Soucieux de simplifier les procédures, Thierry Tuot affirme que « les délais des procédures du code minier, qui sont aujourd’hui très exorbitants du droit commun (quinze mois pour une prolongation d’un permis de recherche et deux ans pour la délivrance d’une concession), seraient réduits par la loi ». Si les gaz et huiles de schiste n’entraient pas dans le cadre des travaux du conseiller d’Etat, une phrase attirera l’attention de nos lecteurs : « Est envisagée la création d’une distinction entre les recherches purement académique n’ayant pas vocation à déboucher sur une exploration suivie d’une exploitation, d’une part, et l’exploration préparatoire à une éventuelle exploitation, d’autre part. Seul le permis d’exploration débouchant sur une exploitation avec droit exclusif nécessiterait désormais une autorisation ».

Le rapport préconise par ailleurs que l’activité minière soit désormais soumise au régime des Installations classées pour la protection de l’environnement (ICPE). Pour Thierry Tuot, « Ce basculement vers la réglementation des ICPE est, outre une simplification majeure, une garantie de prise en compte des enjeux environnementaux. »

Fiscalité

Concernant la fiscalité jugée trop avantageuse pour les industriels, le rapporteur souhaite étendre le bénéfice des redevances pour les collectivités territoriales, en leur permettant de fixer, de manière conventionnelle, le montant de ces dernières. Par ailleurs, il est prévu que « le montant des redevances puisse être revu périodiquement pendant toute la durée du titre minier afin de tenir compte, notamment, de la variation des cours mondiaux des substances exploitées, d’avancées technologiques ou de tout élément pouvant faire varier la production et les profits qui en sont retirés ».

L’après-mine

Last but not least, le conseiller d’Etat s’est penché sur l’après-exploitation pour s’assurer que les investissements qui y sont liés ne retombent pas sur la collectivité. « Le groupe propose de réaffirmer les valeurs de solidarité nationale en mettant en place un régime de solidarité clarifié. Ce régime poserait le principe que la responsabilité de la gestion de l’ « après-mines » incombe à l’exploitant. En cas de disparition de celui-ci, il serait possible de rechercher la responsabilité de celui qui a bénéficié de l’exploitation ou qui en a assuré la conduite effective. Il s’agit, dans ce dernier cas, d’une avancée pratique et symbolique majeure, inspirée du droit fiscal, et qui vise à « paralyser » d’éventuelles tentatives d’opérateurs de rapatriement des profits dans une structure étrangère laissant ainsi exsangue la société française d’exploitation au moment où sa responsabilité est engagée : il sera possible de franchir les frontières (des personnes morales comme des pays) pour aller chercher, le cas échéant, le responsable des fautes commises », explique Thierry Tuot. Un Fonds national de l’après-mine alimenté par les ressources dégagées par la fiscalité minière est également proposé.

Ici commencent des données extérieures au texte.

(* Let $M,K\ge 1$, let ${\bf U}^c\in\mathbb{C}^{M\times M}$ be unitary, and for $k=1,\dots,K$ let $\boldsymbol{\Lambda}_k\in\mathbb{R}^{M\times M}$ be diagonal with strictly positive diagonal entries. Set $\boldsymbol{\Sigma}_k={\bf U}^c\boldsymbol{\Lambda}_k({\bf U}^c)^{\sf H}$. Consider the problem $$\min_{{\bf U}}\; f({\bf U})=\sum_{m=1}^M\sum_{k=1}^K\log\big({\bf u}_m^{\sf H}\boldsymbol{\Sigma}_k{\bf u}_m\big)\quad\text{subject to}\quad {\bf u}_m^{\sf H}{\bf u}_n=\delta_{m,n}\ \ (m,n\in[M]),$$ where ${\bf u}_1,\dots,{\bf u}_M$ are the columns of ${\bf U}$. Then ${\bf U}^c$ is a global minimizer of this problem, i.e. $f({\bf U}^c)\le f({\bf U})$ for every unitary ${\bf U}\in\mathbb{C}^{M\times M}$.
   Context: $[M]=\{1,\dots,M\}$, $\delta_{m,n}$ is the Kronecker delta, and ${}^{\sf H}$ denotes conjugate transpose. A matrix ${\bf U}$ is unitary if ${\bf U}^{\sf H}{\bf U}={\bf I}_M$. *)

theory Defs
  imports "HOL-Analysis.Analysis"
begin

definition cadj :: "complex^'n^'m \<Rightarrow> complex^'m^'n" where
  "cadj A = (\<chi> i j. cnj (A $ j $ i))"

definition unitary :: "complex^'n^'n \<Rightarrow> bool" where
  "unitary U \<longleftrightarrow> cadj U ** U = mat 1"

definition diagm :: "('n \<Rightarrow> complex) \<Rightarrow> complex^'n^'n" where
  "diagm d = (\<chi> i j. if i = j then d i else 0)"

definition qform :: "complex^'n \<Rightarrow> complex^'n^'n \<Rightarrow> complex" where
  "qform u A = (\<Sum>i\<in>UNIV. cnj (u $ i) * ((A *v u) $ i))"

end

theory Submission
  imports Defs
begin

text \<open>Writing \<open>V = (U\<^sup>c)\<^sup>H U\<close>, the quadratic forms of the objective are
  \<open>u\<^sub>m\<^sup>H \<Sigma>\<^sub>k u\<^sub>m = \<Sum>\<^sub>i |V\<^sub>i\<^sub>m|\<^sup>2 \<lambda>\<^sub>k\<^sub>i\<close>. Since \<open>V\<close> is unitary, the matrix \<open>(|V\<^sub>i\<^sub>m|\<^sup>2)\<close> is
  doubly stochastic, so concavity of \<open>ln\<close> applied to each column gives
  \<open>\<Sum>\<^sub>m ln (\<Sum>\<^sub>i |V\<^sub>i\<^sub>m|\<^sup>2 \<lambda>\<^sub>k\<^sub>i) \<ge> \<Sum>\<^sub>m \<Sum>\<^sub>i |V\<^sub>i\<^sub>m|\<^sup>2 ln \<lambda>\<^sub>k\<^sub>i = \<Sum>\<^sub>i ln \<lambda>\<^sub>k\<^sub>i\<close>,
  using the row sums in the last step. The right-hand side is the value at \<open>V = I\<close>,
  i.e. at \<open>U = U\<^sup>c\<close>.\<close>

lemma sum_ln_le_sum_ln_doubly_stochastic:
  fixes P :: "'n::finite \<Rightarrow> 'n \<Rightarrow> real" and x :: "'n \<Rightarrow> real"
  assumes nonneg: "\<And>i j. P i j \<ge> 0"
    and row_sum: "\<And>i. (\<Sum>j\<in>UNIV. P i j) = 1"
    and col_sum: "\<And>j. (\<Sum>i\<in>UNIV. P i j) = 1"
    and pos: "\<And>i. x i > 0"
  shows "(\<Sum>i\<in>UNIV. ln (x i)) \<le> (\<Sum>j\<in>UNIV. ln (\<Sum>i\<in>UNIV. P i j * x i))"
proof -
  have "(\<Sum>i\<in>UNIV. ln (x i)) = (\<Sum>i\<in>UNIV. \<Sum>j\<in>UNIV. P i j * ln (x i))"
    by (simp add: row_sum flip: sum_distrib_right)
  also have "\<dots> = (\<Sum>j\<in>UNIV. \<Sum>i\<in>UNIV. P i j * ln (x i))"
    by (rule sum.swap)
  also have "\<dots> \<le> (\<Sum>j\<in>UNIV. ln (\<Sum>i\<in>UNIV. P i j * x i))"
  proof (rule sum_mono)
    fix j
    show "(\<Sum>i\<in>UNIV. P i j * ln (x i)) \<le> ln (\<Sum>i\<in>UNIV. P i j * x i)"
      using concave_on_sum[OF finite UNIV_not_empty ln_concave col_sum] nonneg pos
      by simp
  qed
  finally show ?thesis .
qed

lemma cadj_mult: "cadj ((A::complex^'n^'m) ** (B::complex^'k^'n)) = cadj B ** cadj A"
  by (simp add: cadj_def matrix_matrix_mult_def vec_eq_iff mult.commute)

lemma cadj_cadj [simp]: "cadj (cadj A) = A"
  by (simp add: cadj_def vec_eq_iff)

lemma unitary_mult_cadj:
  fixes V :: "complex^'n^'n"
  assumes "unitary V"
  shows "V ** cadj V = mat 1"
  using assms matrix_left_right_inverse unfolding unitary_def by blast

lemma unitary_cadj_mult:
  fixes U V :: "complex^'n^'n"
  assumes "unitary U" "unitary V"
  shows "unitary (cadj U ** V)"
proof -
  have "cadj (cadj U ** V) ** (cadj U ** V) = cadj V ** (U ** cadj U) ** V"
    by (simp add: cadj_mult matrix_mul_assoc)
  also have "\<dots> = mat 1"
    using assms by (simp add: unitary_mult_cadj unitary_def)
  finally show ?thesis unfolding unitary_def .
qed

lemma of_real_sum_cmod_square:
  "complex_of_real (\<Sum>i\<in>A. (cmod (z i))\<^sup>2) = (\<Sum>i\<in>A. z i * cnj (z i))"
  by (simp only: of_real_sum complex_norm_square)

lemma unitary_col_norm_sum:
  fixes V :: "complex^'n^'n"
  assumes "unitary V"
  shows "(\<Sum>i\<in>UNIV. (cmod (V$i$m))\<^sup>2) = 1"
proof -
  have "complex_of_real (\<Sum>i\<in>UNIV. (cmod (V$i$m))\<^sup>2) = (cadj V ** V)$m$m"
    unfolding of_real_sum_cmod_square by (simp add: matrix_matrix_mult_def cadj_def mult.commute)
  also have "\<dots> = 1"
    using assms by (simp add: unitary_def mat_def)
  finally show ?thesis
    by (simp only: of_real_eq_1_iff)
qed

lemma unitary_row_norm_sum:
  fixes V :: "complex^'n^'n"
  assumes "unitary V"
  shows "(\<Sum>m\<in>UNIV. (cmod (V$i$m))\<^sup>2) = 1"
proof -
  have "complex_of_real (\<Sum>m\<in>UNIV. (cmod (V$i$m))\<^sup>2) = (V ** cadj V)$i$i"
    unfolding of_real_sum_cmod_square by (simp add: matrix_matrix_mult_def cadj_def)
  also have "\<dots> = 1"
    using unitary_mult_cadj[OF assms] by (simp add: mat_def)
  finally show ?thesis
    by (simp only: of_real_eq_1_iff)
qed

lemma sum_cnj_mult_matrix_vector:
  fixes B :: "complex^'n^'m"
  shows "(\<Sum>j\<in>UNIV. cnj (u$j) * (B *v w)$j) = (\<Sum>i\<in>UNIV. cnj ((cadj B *v u)$i) * w$i)"
proof -
  have "(\<Sum>j\<in>UNIV. cnj (u$j) * (B *v w)$j) = (\<Sum>j\<in>UNIV. \<Sum>i\<in>UNIV. cnj (u$j) * B$j$i * w$i)"
    by (simp add: matrix_vector_mult_def sum_distrib_left mult_ac)
  also have "\<dots> = (\<Sum>i\<in>UNIV. \<Sum>j\<in>UNIV. cnj (u$j) * B$j$i * w$i)"
    by (rule sum.swap)
  also have "\<dots> = (\<Sum>i\<in>UNIV. cnj ((cadj B *v u)$i) * w$i)"
    by (simp add: matrix_vector_mult_def cadj_def sum_distrib_left sum_distrib_right mult_ac)
  finally show ?thesis .
qed

lemma qform_congruence:
  fixes A :: "complex^'n^'m" and B :: "complex^'n^'n"
  shows "qform u (A ** B ** cadj A) = qform (cadj A *v u) B"
proof -
  have "(A ** B ** cadj A) *v u = A *v (B *v (cadj A *v u))"
    by (simp add: matrix_vector_mul_assoc matrix_mul_assoc)
  then show ?thesis
    unfolding qform_def by (simp add: sum_cnj_mult_matrix_vector)
qed

lemma Re_qform_diagm:
  "Re (qform v (diagm (\<lambda>i. complex_of_real (l i)))) = (\<Sum>i\<in>UNIV. l i * (cmod (v$i))\<^sup>2)"
proof -
  have "cnj (v$i) * (diagm (\<lambda>i. complex_of_real (l i)) *v v)$i
      = complex_of_real (l i * (cmod (v$i))\<^sup>2)" for i
  proof -
    have "(diagm (\<lambda>i. complex_of_real (l i)) *v v)$i = complex_of_real (l i) * v$i"
      by (simp add: diagm_def matrix_vector_mult_def if_distrib[where f="\<lambda>a. a * _"] cong: if_cong)
    then show ?thesis
      using complex_norm_square[of "v$i"] by (simp add: mult_ac)
  qed
  then show ?thesis
    unfolding qform_def by simp
qed

lemma matrix_vector_mult_column: "A *v column m U = column m (A ** U)"
  by (simp add: column_def matrix_vector_mult_def matrix_matrix_mult_def vec_eq_iff)

theorem theorem1:
  fixes Uc :: "complex^'m^'m" and K :: nat and lam :: "nat \<Rightarrow> 'm \<Rightarrow> real"
  assumes "K \<ge> 1"
    and "unitary Uc"
    and "\<And>k i. k \<in> {1..K} \<Longrightarrow> lam k i > 0"
  defines "Sig \<equiv> (\<lambda>k. Uc ** diagm (\<lambda>i. complex_of_real (lam k i)) ** cadj Uc)"
  defines "f \<equiv> (\<lambda>U::complex^'m^'m. \<Sum>m\<in>UNIV. \<Sum>k=1..K. ln (Re (qform (column m U) (Sig k))))"
  shows "\<forall>U::complex^'m^'m. unitary U \<longrightarrow> f Uc \<le> f U"
proof (intro allI impI)
  fix U :: "complex^'m^'m"
  assume "unitary U"
  define P where "P V i m = (cmod (V$i$m))\<^sup>2" for V :: "complex^'m^'m" and i m
  have f_eq: "f W = (\<Sum>m\<in>UNIV. \<Sum>k=1..K. ln (\<Sum>i\<in>UNIV. P (cadj Uc ** W) i m * lam k i))" for W
    unfolding f_def Sig_def P_def qform_congruence Re_qform_diagm matrix_vector_mult_column
    by (simp add: column_def mult.commute)
  have "P (mat 1) i m * lam k i = (if i = m then lam k m else 0)" for i m k
    by (simp add: P_def mat_def)
  then have "f Uc = (\<Sum>m\<in>UNIV. \<Sum>k=1..K. ln (lam k m))"
    using f_eq[of Uc] \<open>unitary Uc\<close> by (simp add: unitary_def)
  also have "\<dots> = (\<Sum>k=1..K. \<Sum>i\<in>UNIV. ln (lam k i))"
    by (rule sum.swap)
  also have "\<dots> \<le> (\<Sum>k=1..K. \<Sum>m\<in>UNIV. ln (\<Sum>i\<in>UNIV. P (cadj Uc ** U) i m * lam k i))"
    using unitary_cadj_mult[OF \<open>unitary Uc\<close> \<open>unitary U\<close>] assms(3)
    by (intro sum_mono sum_ln_le_sum_ln_doubly_stochastic)
      (auto simp: P_def unitary_row_norm_sum unitary_col_norm_sum)
  also have "\<dots> = f U"
    unfolding f_eq by (rule sum.swap)
  finally show "f Uc \<le> f U" .
qed

end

A noter que les dispositions pour les territoires d’Outre-mer ont fait l’objet d’un traitement à part. C’est le ministère des Outre-mer qui est chargé de formuler ses propositions. Elles devront être validées par le Gouvernement et seront alors intégrées au projet de réforme du code minier par une ordonnance. La présentation du rapport au Conseil des ministres est prévue pour le premier semestre 2014.